Injecting Domain Knowledge in Neural Networks: a Controlled Experiment on a Constrained Problem
This work addresses the challenge of applying neural networks in domains with limited data but abundant expert knowledge, such as constraint problems, though it is incremental as it builds on existing ideas of knowledge injection.
The paper tackles the problem of data scarcity in deep learning by investigating how injecting domain knowledge into neural networks can ease learning, using a constrained problem as a case study. The results show that embedding domain knowledge at training time has a considerable effect, with a small amount of empirical knowledge yielding practically useful outcomes.

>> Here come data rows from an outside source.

(* For any node $V_j\in\mathrm{indir}(A,Y,\mathcal{G})$ and any $P\in\mathcal{M}(\mathcal{G})$, $$E_P[J_{P,\mathcal{G}}\mid V_j,\mathrm{pa}_{\mathcal{G}}(V_j)]-E_P[J_{P,\mathcal{G}}\mid\mathrm{pa}_{\mathcal{G}}(V_j)]=0.$$
   Context: $\mathcal{G}$ is a DAG with vertex set $\mathbf{V}$, $A,Y$ distinct vertices, $A$ a discrete point intervention. $\mathcal{M}(\mathcal{G})$ is the set of laws satisfying the local Markov property w.r.t. $\mathcal{G}$. $\mathrm{pa}_{\mathcal{G}}(V)$ and $\mathrm{an}_{\mathcal{G}}(V)$ denote the parents and ancestors of $V$. $\mathrm{indir}(A,Y,\mathcal{G})=\{V\in\mathbf{V}:V\in\mathrm{an}_{\mathcal{G}}(A)\setminus\{A\}\text{ and all causal paths between }V\text{ and }Y\text{ intersect }A\}$. $J_{P,\mathcal{G}}=J_{P,a,\mathcal{G}}=\frac{I_a(A)Y}{P(A=a\mid\mathrm{pa}_{\mathcal{G}}(A))}$. *)

theory Defs
  imports "HOL-Probability.Probability"
begin

definition pa :: "('v \<times> 'v) set \<Rightarrow> 'v \<Rightarrow> 'v set" where
  "pa E v = {u. (u, v) \<in> E}"

definition an :: "('v \<times> 'v) set \<Rightarrow> 'v \<Rightarrow> 'v set" where
  "an E v = {u. (u, v) \<in> E\<^sup>*}"

definition de :: "('v \<times> 'v) set \<Rightarrow> 'v \<Rightarrow> 'v set" where
  "de E v = {w. (v, w) \<in> E\<^sup>*}"

definition nd :: "'v set \<Rightarrow> ('v \<times> 'v) set \<Rightarrow> 'v \<Rightarrow> 'v set" where
  "nd V E v = V - de E v"

definition is_dag :: "'v set \<Rightarrow> ('v \<times> 'v) set \<Rightarrow> bool" where
  "is_dag V E \<longleftrightarrow> finite V \<and> E \<subseteq> V \<times> V \<and> acyclic E"

text \<open>indir(A,Y,G): proper ancestors v of A such that every causal (directed) path from
  v to Y passes through A, i.e. Y is not reachable from v by a directed path avoiding A.\<close>
definition indir :: "'v set \<Rightarrow> ('v \<times> 'v) set \<Rightarrow> 'v \<Rightarrow> 'v \<Rightarrow> 'v set" where
  "indir V E A Y = {v \<in> V. v \<in> an E A - {A} \<and> (v, Y) \<notin> (Restr E (V - {A}))\<^sup>*}"

definition gen :: "'a measure \<Rightarrow> ('v \<Rightarrow> 'a \<Rightarrow> real) \<Rightarrow> 'v set \<Rightarrow> 'a measure" where
  "gen M X S = sigma (space M) (\<Union>v\<in>S. {X v -` B \<inter> space M | B. B \<in> sets borel})"

text \<open>Local Markov property: each X v is conditionally independent of its
  non-descendants given its parents, expressed as
  P(X v \<in> B | X_nd(v)) = P(X v \<in> B | X_pa(v)) a.s. for all Borel B.\<close>
definition local_markov ::
  "'a measure \<Rightarrow> 'v set \<Rightarrow> ('v \<times> 'v) set \<Rightarrow> ('v \<Rightarrow> 'a \<Rightarrow> real) \<Rightarrow> bool" where
  "local_markov M V E X \<longleftrightarrow>
     (\<forall>v\<in>V. \<forall>B\<in>sets borel.
        AE \<omega> in M. real_cond_exp M (gen M X (nd V E v)) (\<lambda>\<omega>. indicator B (X v \<omega>)) \<omega>
                   = real_cond_exp M (gen M X (pa E v)) (\<lambda>\<omega>. indicator B (X v \<omega>)) \<omega>)"

definition propensity :: "'a measure \<Rightarrow> ('v \<times> 'v) set \<Rightarrow> ('v \<Rightarrow> 'a \<Rightarrow> real) \<Rightarrow> 'v \<Rightarrow> real \<Rightarrow> 'a \<Rightarrow> real" where
  "propensity M E X A a = real_cond_exp M (gen M X (pa E A)) (\<lambda>\<omega>. indicator {a} (X A \<omega>))"

definition J_fun :: "'a measure \<Rightarrow> ('v \<times> 'v) set \<Rightarrow> ('v \<Rightarrow> 'a \<Rightarrow> real) \<Rightarrow> 'v \<Rightarrow> real \<Rightarrow> 'v \<Rightarrow> 'a \<Rightarrow> real" where
  "J_fun M E X A a Y = (\<lambda>\<omega>. indicator {a} (X A \<omega>) * X Y \<omega> / propensity M E X A a \<omega>)"

end

theory Submission
  imports Defs
begin

text \<open>
  Let T be the set of vertices reachable from V_j by directed paths avoiding A; then A and Y
  lie outside T. For every ancestral set P, the conditional expectation of J given X_P
  (of I_a(A) Y instead, once A \<in> P) has a version depending on X_(P - T) only. This is
  proved by removing the vertices of V one at a time, each having all its parents in the
  remaining set P. Removing a vertex of T costs nothing, since the version already ignores it.
  A vertex v \<notin> T \<union> {A} has no parent in T, so by the local Markov property at v the expectation
  given X_P equals the one given X_(P - T). When A is removed, the version restricted to
  the event A = a no longer involves X_A, and the weight 1 / P(A = a | pa(A)) cancels against
  P(A = a | X_P) = P(A = a | pa(A)).

  Applied to P = {V_j} \<union> nd(V_j), this makes E[J | V_j, nd(V_j)] a function \<phi> of X_nd(V_j).
  By the tower property the two conditional expectations in the claim are E[\<phi> | V_j, pa(V_j)]
  and E[\<phi> | pa(V_j)], and these agree by the local Markov property at V_j.
\<close>

section \<open>Conditional expectations and conditional independence\<close>

lemma integrable_mult_bounded:
  fixes f g :: "'a \<Rightarrow> real" and B :: real
  assumes "integrable M f" "g \<in> borel_measurable M" "AE x in M. \<bar>g x\<bar> \<le> B"
  shows "integrable M (\<lambda>x. g x * f x)"
proof (rule Bochner_Integration.integrable_bound[where f="\<lambda>x. B * f x"])
  show "integrable M (\<lambda>x. B * f x)" using assms(1) by simp
  show "(\<lambda>x. g x * f x) \<in> borel_measurable M" using assms(1,2) by measurable
  show "AE x in M. norm (g x * f x) \<le> norm (B * f x)"
    using assms(3) by eventually_elim (auto simp: abs_mult intro!: mult_right_mono)
qed

lemma Int_stable_Int_pairs:
  assumes "Int_stable K" "Int_stable L"
  shows "Int_stable {B \<inter> D | B D. B \<in> K \<and> D \<in> L}"
proof (rule Int_stableI)
  fix S S' assume "S \<in> {B \<inter> D | B D. B \<in> K \<and> D \<in> L}" "S' \<in> {B \<inter> D | B D. B \<in> K \<and> D \<in> L}"
  then obtain B D B' D' where S: "S = B \<inter> D" "S' = B' \<inter> D'"
    and BK: "B \<in> K" "B' \<in> K" and DL: "D \<in> L" "D' \<in> L"
    by blast
  have "B \<inter> B' \<in> K" "D \<inter> D' \<in> L"
    using assms BK DL unfolding Int_stable_def by blast+
  moreover have "S \<inter> S' = (B \<inter> B') \<inter> (D \<inter> D')"
    using S by blast
  ultimately show "S \<inter> S' \<in> {B \<inter> D | B D. B \<in> K \<and> D \<in> L}"
    by blast
qed

context prob_space
begin

lemma sigma_finite_subalgebra_of_subalgebra:
  "subalgebra M H \<Longrightarrow> sigma_finite_subalgebra M H"
  by (simp add: finite_measure_axioms finite_measure_subalgebra.intro
      finite_measure_subalgebra_axioms_def finite_measure_subalgebra_is_sigma_finite)

lemma integrable_indicator_prob: "C \<in> sets M \<Longrightarrow> integrable M (indicator C :: 'a \<Rightarrow> real)"
  by (simp add: less_top[symmetric])

lemma real_cond_exp_indicator_abs_le_1:
  assumes "subalgebra M H" "C \<in> sets M"
  shows "AE x in M. \<bar>real_cond_exp M H (indicator C) x\<bar> \<le> 1"
proof -
  interpret H: sigma_finite_subalgebra M H
    using assms(1) by (rule sigma_finite_subalgebra_of_subalgebra)
  have "AE x in M. real_cond_exp M H (indicator C) x \<ge> 0"
    by (rule H.real_cond_exp_ge_c) (auto simp: assms(2) integrable_indicator_prob)
  moreover have "AE x in M. real_cond_exp M H (indicator C) x \<le> 1"
    by (rule H.real_cond_exp_le_c) (auto simp: assms(2) integrable_indicator_prob split: split_indicator)
  ultimately show ?thesis by eventually_elim auto
qed

lemma real_cond_exp_nested_eq:
  assumes G: "subalgebra M G" and HG: "subalgebra G H" and f: "integrable M f"
    and \<phi>: "AE x in M. real_cond_exp M G f x = \<phi> x" "\<phi> \<in> borel_measurable M"
  shows "AE x in M. real_cond_exp M H f x = real_cond_exp M H \<phi> x"
proof -
  have "subalgebra M H" using G HG by (auto simp: subalgebra_def)
  then interpret H: sigma_finite_subalgebra M H by (rule sigma_finite_subalgebra_of_subalgebra)
  have "AE x in M. real_cond_exp M H (real_cond_exp M G f) x = real_cond_exp M H f x"
    by (rule H.real_cond_exp_nested_subalg[OF G HG f])
  moreover have "AE x in M. real_cond_exp M H (real_cond_exp M G f) x = real_cond_exp M H \<phi> x"
    by (rule H.real_cond_exp_cong[OF \<phi>(1) borel_measurable_cond_exp2 \<phi>(2)])
  ultimately show ?thesis by eventually_elim simp
qed

lemma integral_mult_real_cond_exp_indicator:
  assumes H: "subalgebra M H" and f: "integrable M f" and C: "C \<in> sets M"
  shows "(\<integral>x. f x * real_cond_exp M H (indicator C) x \<partial>M)
       = (\<integral>x. indicator C x * real_cond_exp M H f x \<partial>M)"
proof -
  interpret H: sigma_finite_subalgebra M H
    using H by (rule sigma_finite_subalgebra_of_subalgebra)
  have [measurable]: "f \<in> borel_measurable M" "C \<in> sets M" using f C by auto
  have "(\<integral>x. real_cond_exp M H (indicator C) x * f x \<partial>M)
      = (\<integral>x. real_cond_exp M H (indicator C) x * real_cond_exp M H f x \<partial>M)"
    using f integrable_mult_bounded[OF f _ real_cond_exp_indicator_abs_le_1[OF H C]]
    by (intro H.real_cond_exp_intg(2)[symmetric]) auto
  also have "\<dots> = (\<integral>x. real_cond_exp M H f x * real_cond_exp M H (indicator C) x \<partial>M)"
    by (simp add: mult.commute)
  also have "\<dots> = (\<integral>x. real_cond_exp M H f x * indicator C x \<partial>M)"
    using integrable_real_mult_indicator[OF C H.real_cond_exp_int(1)[OF f]]
    by (intro H.real_cond_exp_intg(2)) auto
  finally show ?thesis by (simp add: mult.commute)
qed

text \<open>
  For H \<subseteq> G, E[f | G] = E[f | H] iff f is orthogonal to all 1_C - E[1_C | H] with C \<in> G.
  Unlike the equation itself, this condition is linear in f and stable under dominated limits,
  so it passes from indicators of generators to all integrable measurable f.
\<close>

definition centred_indicator :: "'a measure \<Rightarrow> 'a set \<Rightarrow> 'a \<Rightarrow> real" where
  "centred_indicator H C x = indicator C x - real_cond_exp M H (indicator C) x"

Given enough data, Deep Neural Networks (DNNs) are capable of learning complex input-output relations with high accuracy. In several domains, however, data is scarce or expensive to retrieve, while a substantial amount of expert knowledge is available. It seems reasonable that if we can inject this additional information in the DNN, we could ease the learning process. One such case is that of Constraint Problems, for which declarative approaches exists and pure ML solutions have obtained mixed success. Using a classical constrained problem as a case study, we perform controlled experiments to probe the impact of progressively adding domain and empirical knowledge in the DNN. Our results are very encouraging, showing that (at least in our setup) embedding domain knowledge at training time can have a considerable effect and that a small amount of empirical knowledge is sufficient to obtain practically useful results.